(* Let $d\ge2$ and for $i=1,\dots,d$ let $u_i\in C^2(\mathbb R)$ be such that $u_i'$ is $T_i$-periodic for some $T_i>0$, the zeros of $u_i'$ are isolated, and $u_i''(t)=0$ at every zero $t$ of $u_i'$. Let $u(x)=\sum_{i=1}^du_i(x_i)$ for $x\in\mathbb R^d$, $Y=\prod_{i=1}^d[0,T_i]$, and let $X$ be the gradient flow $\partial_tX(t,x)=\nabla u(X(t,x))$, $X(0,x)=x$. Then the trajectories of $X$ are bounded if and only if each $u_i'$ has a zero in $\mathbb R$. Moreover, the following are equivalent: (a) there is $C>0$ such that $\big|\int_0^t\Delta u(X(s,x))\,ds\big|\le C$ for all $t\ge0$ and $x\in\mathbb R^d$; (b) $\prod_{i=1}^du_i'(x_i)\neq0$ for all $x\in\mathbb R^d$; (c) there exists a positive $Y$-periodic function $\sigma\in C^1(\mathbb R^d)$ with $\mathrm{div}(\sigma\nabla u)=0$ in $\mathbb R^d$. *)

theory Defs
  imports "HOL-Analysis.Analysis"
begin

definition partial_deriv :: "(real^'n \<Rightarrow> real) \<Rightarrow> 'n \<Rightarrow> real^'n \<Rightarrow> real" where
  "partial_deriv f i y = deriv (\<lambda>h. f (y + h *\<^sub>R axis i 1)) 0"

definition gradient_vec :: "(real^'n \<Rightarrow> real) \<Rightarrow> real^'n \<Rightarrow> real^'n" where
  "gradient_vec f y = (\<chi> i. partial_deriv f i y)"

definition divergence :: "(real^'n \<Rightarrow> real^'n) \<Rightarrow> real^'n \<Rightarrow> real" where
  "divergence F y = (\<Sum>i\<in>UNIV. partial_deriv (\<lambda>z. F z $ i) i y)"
· · · · ·
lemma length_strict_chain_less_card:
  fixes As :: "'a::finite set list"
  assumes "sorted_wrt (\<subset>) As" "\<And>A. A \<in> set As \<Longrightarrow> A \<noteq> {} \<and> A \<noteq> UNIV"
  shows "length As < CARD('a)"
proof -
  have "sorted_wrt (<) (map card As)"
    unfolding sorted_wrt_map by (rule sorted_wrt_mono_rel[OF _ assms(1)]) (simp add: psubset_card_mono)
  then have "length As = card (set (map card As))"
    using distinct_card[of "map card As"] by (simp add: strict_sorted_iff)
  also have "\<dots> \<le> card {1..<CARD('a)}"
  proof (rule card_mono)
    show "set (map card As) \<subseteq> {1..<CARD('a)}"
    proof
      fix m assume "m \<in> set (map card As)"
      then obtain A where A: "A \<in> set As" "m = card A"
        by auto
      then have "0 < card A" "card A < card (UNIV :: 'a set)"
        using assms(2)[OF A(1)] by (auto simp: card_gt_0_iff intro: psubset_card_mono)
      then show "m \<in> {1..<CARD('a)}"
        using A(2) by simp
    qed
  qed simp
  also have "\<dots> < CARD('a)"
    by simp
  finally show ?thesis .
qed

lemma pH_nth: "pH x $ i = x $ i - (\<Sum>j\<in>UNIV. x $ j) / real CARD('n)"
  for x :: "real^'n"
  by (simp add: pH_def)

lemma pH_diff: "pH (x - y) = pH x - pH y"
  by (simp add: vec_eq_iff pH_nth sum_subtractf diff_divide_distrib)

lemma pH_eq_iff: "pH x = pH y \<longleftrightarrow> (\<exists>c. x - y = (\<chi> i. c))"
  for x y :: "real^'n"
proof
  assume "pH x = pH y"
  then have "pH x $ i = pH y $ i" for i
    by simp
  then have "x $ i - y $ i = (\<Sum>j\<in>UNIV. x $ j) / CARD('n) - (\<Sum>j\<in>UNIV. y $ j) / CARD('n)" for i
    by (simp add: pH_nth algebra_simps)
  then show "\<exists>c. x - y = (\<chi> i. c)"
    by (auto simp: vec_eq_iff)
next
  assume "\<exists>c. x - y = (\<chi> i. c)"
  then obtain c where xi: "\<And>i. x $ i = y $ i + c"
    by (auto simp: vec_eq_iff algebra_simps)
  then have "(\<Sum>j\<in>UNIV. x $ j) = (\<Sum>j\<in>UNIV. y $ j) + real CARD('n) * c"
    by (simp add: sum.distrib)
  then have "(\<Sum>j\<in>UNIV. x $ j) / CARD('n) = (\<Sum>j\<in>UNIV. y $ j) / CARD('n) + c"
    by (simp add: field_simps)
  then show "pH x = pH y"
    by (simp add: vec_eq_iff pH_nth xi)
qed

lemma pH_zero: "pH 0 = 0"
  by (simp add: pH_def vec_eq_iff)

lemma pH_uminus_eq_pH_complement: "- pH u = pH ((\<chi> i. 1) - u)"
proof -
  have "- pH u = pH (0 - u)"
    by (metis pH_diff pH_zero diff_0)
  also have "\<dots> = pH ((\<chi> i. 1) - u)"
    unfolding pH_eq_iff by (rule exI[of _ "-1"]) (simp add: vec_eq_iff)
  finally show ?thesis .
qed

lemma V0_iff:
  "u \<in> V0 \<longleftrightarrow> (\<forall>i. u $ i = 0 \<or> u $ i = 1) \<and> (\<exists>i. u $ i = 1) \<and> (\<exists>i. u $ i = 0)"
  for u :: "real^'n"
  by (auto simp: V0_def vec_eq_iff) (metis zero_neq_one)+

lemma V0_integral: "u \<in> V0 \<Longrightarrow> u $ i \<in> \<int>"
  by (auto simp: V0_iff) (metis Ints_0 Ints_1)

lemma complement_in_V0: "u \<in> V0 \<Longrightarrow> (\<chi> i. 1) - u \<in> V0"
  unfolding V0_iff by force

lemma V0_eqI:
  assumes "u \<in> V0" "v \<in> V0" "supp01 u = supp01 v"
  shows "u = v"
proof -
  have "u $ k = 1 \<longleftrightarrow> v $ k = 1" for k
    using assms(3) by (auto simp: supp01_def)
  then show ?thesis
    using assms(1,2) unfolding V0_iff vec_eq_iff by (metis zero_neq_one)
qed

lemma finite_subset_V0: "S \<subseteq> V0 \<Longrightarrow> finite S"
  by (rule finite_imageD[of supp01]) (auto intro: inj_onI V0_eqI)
· · · · ·
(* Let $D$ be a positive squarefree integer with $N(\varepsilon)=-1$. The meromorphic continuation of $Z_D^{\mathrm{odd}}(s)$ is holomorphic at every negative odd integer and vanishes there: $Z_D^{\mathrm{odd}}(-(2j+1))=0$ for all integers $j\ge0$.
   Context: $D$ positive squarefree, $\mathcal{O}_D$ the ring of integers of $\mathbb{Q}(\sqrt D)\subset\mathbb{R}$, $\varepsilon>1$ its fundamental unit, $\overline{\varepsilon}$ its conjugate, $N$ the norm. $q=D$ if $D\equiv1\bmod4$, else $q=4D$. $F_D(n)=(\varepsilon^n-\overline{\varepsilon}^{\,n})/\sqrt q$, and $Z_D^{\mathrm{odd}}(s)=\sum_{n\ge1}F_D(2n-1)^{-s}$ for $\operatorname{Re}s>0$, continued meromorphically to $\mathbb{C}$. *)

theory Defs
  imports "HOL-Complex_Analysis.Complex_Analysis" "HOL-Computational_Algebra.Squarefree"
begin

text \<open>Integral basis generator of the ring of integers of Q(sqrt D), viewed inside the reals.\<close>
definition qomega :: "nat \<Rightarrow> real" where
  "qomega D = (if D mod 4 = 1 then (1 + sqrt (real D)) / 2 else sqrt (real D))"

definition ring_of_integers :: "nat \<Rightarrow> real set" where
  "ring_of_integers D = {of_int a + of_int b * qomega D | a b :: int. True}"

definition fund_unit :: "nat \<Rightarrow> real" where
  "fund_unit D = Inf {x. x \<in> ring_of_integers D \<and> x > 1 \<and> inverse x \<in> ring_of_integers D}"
· · · · ·
Task details
All that belongs in your answer is the stretch of entries above from the line with "CARD('n) = (\<Sum>j\<in>UNIV." through the line with "by (metis pH_diff pH_zero diff_0)", printed exactly.

Your response
  then have "(\<Sum>j\<in>UNIV. x $ j) / CARD('n) = (\<Sum>j\<in>UNIV. y $ j) / CARD('n) + c"
    by (simp add: field_simps)
  then show "pH x = pH y"
    by (simp add: vec_eq_iff pH_nth xi)
qed

lemma pH_zero: "pH 0 = 0"
  by (simp add: pH_def vec_eq_iff)

lemma pH_uminus_eq_pH_complement: "- pH u = pH ((\<chi> i. 1) - u)"
proof -
  have "- pH u = pH (0 - u)"
    by (metis pH_diff pH_zero diff_0)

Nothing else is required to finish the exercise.